What you have to do:
Search the records for the word "auto" and report each line that has it.

Data extract:

lemma kext_tri_init:
  assumes d: "x \<noteq> y" "y \<noteq> z" "x \<noteq> z"
  shows "kext W nu {x, y, z} (tri_init W mu3 x y z) x y z a
       = distr mu4 (PiM (insert a {x, y, z}) (\<lambda>_. W)) (quad_assign x y z a)"
proof (rule measure_eqI)
  let ?W3 = "W \<Otimes>\<^sub>M (W \<Otimes>\<^sub>M W)" and ?W4 = "W \<Otimes>\<^sub>M (W \<Otimes>\<^sub>M (W \<Otimes>\<^sub>M W))"
  show sets_eq: "sets (kext W nu {x, y, z} (tri_init W mu3 x y z) x y z a)
      = sets (distr mu4 (PiM (insert a {x, y, z}) (\<lambda>_. W)) (quad_assign x y z a))"
    by (simp add: sets_kext)
  fix S assume "S \<in> sets (kext W nu {x, y, z} (tri_init W mu3 x y z) x y z a)"
  then have S: "S \<in> sets (PiM (insert a {x, y, z}) (\<lambda>_. W))" by (simp add: sets_kext)
  have V: "x \<in> {x, y, z}" "y \<in> {x, y, z}" "z \<in> {x, y, z}" by auto
  have "emeasure (kext W nu {x, y, z} (tri_init W mu3 x y z) x y z a) S
      = (\<integral>\<^sup>+ f. \<integral>\<^sup>+ w. indicator S (f(a := w)) \<partial>nu (f x, f y, f z) \<partial>tri_init W mu3 x y z)"
    by (rule emeasure_kext[OF V _ S]) (simp add: tri_init_eq_distr)
  also have "\<dots> = (\<integral>\<^sup>+ t. \<integral>\<^sup>+ w. indicator S ((tri_assign x y z t)(a := w))
      \<partial>nu (tri_assign x y z t x, tri_assign x y z t y, tri_assign x y z t z) \<partial>mu3)"
    unfolding tri_init_eq_distr
    by (rule nn_integral_distr)
      (use measurable_tri_assign measurable_cong_sets[OF sets3 refl] in blast,
       simp add: measurable_nn_integral_extension[OF V S])
  also have "\<dots> = (\<integral>\<^sup>+ t. \<integral>\<^sup>+ w. indicator (quad_assign x y z a -` S \<inter> space ?W4)
      (fst t, fst (snd t), snd (snd t), w) \<partial>nu t \<partial>mu3)"
  proof (rule nn_integral_cong)
    fix t assume "t \<in> space mu3"
    then have t: "t \<in> space ?W3" using sets_eq_imp_space_eq[OF sets3] by simp
    then have "sets (nu t) = sets W"
      using measurable_space[OF kernel t] by (simp add: space_prob_algebra)
    then have "space (nu t) = space W" by (rule sets_eq_imp_space_eq)
    then show "(\<integral>\<^sup>+ w. indicator S ((tri_assign x y z t)(a := w))
        \<partial>nu (tri_assign x y z t x, tri_assign x y z t y, tri_assign x y z t z))
      = (\<integral>\<^sup>+ w. indicator (quad_assign x y z a -` S \<inter> space ?W4)
        (fst t, fst (snd t), snd (snd t), w) \<partial>nu t)"
      using t d by (cases t) (auto intro!: nn_integral_cong simp: tri_assign_def quad_assign_def
          space_pair_measure indicator_def)
  qed
  also have "\<dots> = emeasure mu4 (quad_assign x y z a -` S \<inter> space ?W4)"
    by (rule emeasure_mu4_iterated[symmetric]) (rule measurable_sets[OF measurable_quad_assign S])
  also have "\<dots> = emeasure (distr mu4 (PiM (insert a {x, y, z}) (\<lambda>_. W)) (quad_assign x y z a)) S"
  proof -
    have "quad_assign x y z a \<in> measurable mu4 (PiM (insert a {x, y, z}) (\<lambda>_. W))"
      using measurable_quad_assign measurable_cong_sets[OF sets4 refl] by blast
    then show ?thesis using S by (simp add: emeasure_distr sets_eq_imp_space_eq[OF sets4])
  qed
  finally show "emeasure (kext W nu {x, y, z} (tri_init W mu3 x y z) x y z a) S
      = emeasure (distr mu4 (PiM (insert a {x, y, z}) (\<lambda>_. W)) (quad_assign x y z a)) S" .
qed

Response area:
  have V: "x \<in> {x, y, z}" "y \<in> {x, y, z}" "z \<in> {x, y, z}" by auto
      using t d by (cases t) (auto intro!: nn_integral_cong simp: tri_assign_def quad_assign_def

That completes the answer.